The parsing module 701 parses a search term inputted by a user based on entries of a knowledge base. The matching module 702 matches words parsed from the search term with the entries of the knowledge base. The query module 703 identifies those entries of the knowledge base that are related to an entry having a match with a word parsed from the search term. The update module 704 updates the search term with those entries of the knowledge base that are related to the entry having a match with a word parsed from the search term. The search module 705 conducts a search based on the updated search term. Additionally, the search module 705 matches the sentences of the webpage with updated keywords, and provides a user with the webpage or a link to the webpage that has a successful match with a keyword. In one embodiment, when there are multiple webpages with successful match, the search module 705 may provide the user with the webpages with matches, or links to such webpages, in a descending order, e.g., from the webpage with the most successful matches to the webpage with the least successful matches. The search engine 600 and the search engine 700 may each be a part of a single search engine, which includes the features and functionality of those shown in Figures 6 and 7. The first query module 601 and the second query module 602 are equivalent to the search module 705, which, based on an updated search term, acquires a label corresponding to the updated search term to search the webpage. The search engine 700 may also include the interface module 603, which receives from a user the search term and provides to the user the webpage(s) or link(s) to the webpage(s) identified from a search.
For the sake of convenience of description, features and functions of an exemplary computing apparatus or search engine are described as the various modules. Of course, in various embodiments, features and functions of any module described herein may be implemented in one or more instances of software or hardware.
The disclosed computing apparatus, search engine, and their modules may be implemented using software and/or hardware. When implemented with software, the software may be stored in one or more computer-readable media such as floppy disks, hard disks, CD-ROM, and flash memory. The disclosed methods, knowledge base, and search engine may be implemented in one or more networked computers of a network system. The implementation of the present disclosure will match the words in the sentences and the marked words in the knowledge base. Based on the successfully matched words, the category in the knowledge base to which the unknown words are determined and regarded as the entry under that category. And based on the correlations within the category, a correlation is built among the entries appearing in the sentence, in order to update the knowledge base. The implementation of the present disclosure also sets the weight of the unknown word under the corresponding category based on the frequency of appearance of the unknown word and the successfully matched marked word. It also sets the properties of the unknown words through the appearance of the unknown words in the webpage's form, in order to provide more information for each field in knowledge base. At the same time, the implementation of the present disclosure is used for updating the search word inputted by the user through knowledge base, in order to be more accurate towards the user's intention. And it searches based on the updated search term, in order to have more accurate search results. And, the implementation sets the tags of the main theme for the webpage through the knowledge base so as to for the webpage to more accurately express the intention of the user. It will also match the tags and the updated search word to achieve more accurate search result.

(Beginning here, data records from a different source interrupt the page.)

theorem theorem5:
  fixes n :: nat
  assumes "n > 0"
  shows "\<exists>(SI :: nat set) (SO :: nat set) (A :: (nat, nat \<times> nat) pac).
    finite SI \<and> finite SO \<and> finitary_buchi A \<and> alph A = SI \<times> SO \<and>
    card (states A) = n + 2 \<and>
    (\<exists>\<tau>. optimal A (fk 0) SI SO \<tau> \<and> strat_cost A (fk 0) SI \<tau> = enat n) \<and>
    (\<exists>\<tau>. optimal A (fk 1) SI SO \<tau> \<and> strat_cost A (fk 1) SI \<tau> = 1)"
proof (intro exI conjI)
  let ?A = "guess_aut n" and ?zero = "\<lambda>_ :: nat list. 0 :: nat"
  have zero_strategy: "strategy {0,1} {0,1} ?zero"
    unfolding strategy_def by simp
  show cost0: "strat_cost ?A (fk 0) {0,1} ?zero = enat n"
    using strat_cost_guess_aut_le_n[OF assms] n_le_strat_cost_guess_aut_fk0[OF assms] by (rule antisym)
  show "optimal ?A (fk 0) {0,1} {0,1} ?zero"
    unfolding optimal_def
    using winning_guess_aut[OF assms zero_strategy] cost0 n_le_strat_cost_guess_aut_fk0[OF assms] by simp
  show cost1: "strat_cost ?A (fk 1) {0,1} copy_next = 1"
    by (rule strat_cost_copy_next[OF assms])
  show "optimal ?A (fk 1) {0,1} {0,1} copy_next"
    unfolding optimal_def using winning_guess_aut[OF assms strategy_copy_next] cost1
      one_le_strat_cost_guess_aut[OF assms] by simp
qed (simp_all add: finitary_buchi_guess_aut)

end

Of course, a person of ordinary skill in the art can alter or modify the present disclosure in many different ways without departing from the spirit and the scope of this disclosure. Accordingly, it is intended that the present disclosure covers all modifications and variation which falls within the scope of the claims of the present disclosure and their equivalent.

Claims

CLAIMS What is claimed is:
1. A method of knowledge base building using a computing apparatus, the method comprising: acquiring a sentence from a webpage using a basic data processing layer of the computing apparatus; parsing the acquired sentence into words using a data mining layer of the computing apparatus; matching one or more representative words in a first category of a knowledge base with the words parsed from the acquired sentence; when there is a match between one of the representative words and one of the words parsed from the acquired sentence, adding a string of words adjacent the matched word in the acquired sentence to the first category as a first entry; when matching the words parsed from the acquired sentence with a second entry of a second category of the knowledge base, determining whether or not an established correlation exists between the first category and the second category; and when it is determined that an established correlation exists between the first category and the second category, establishing a correlation between the first entry of the first category and the second entry of the second category.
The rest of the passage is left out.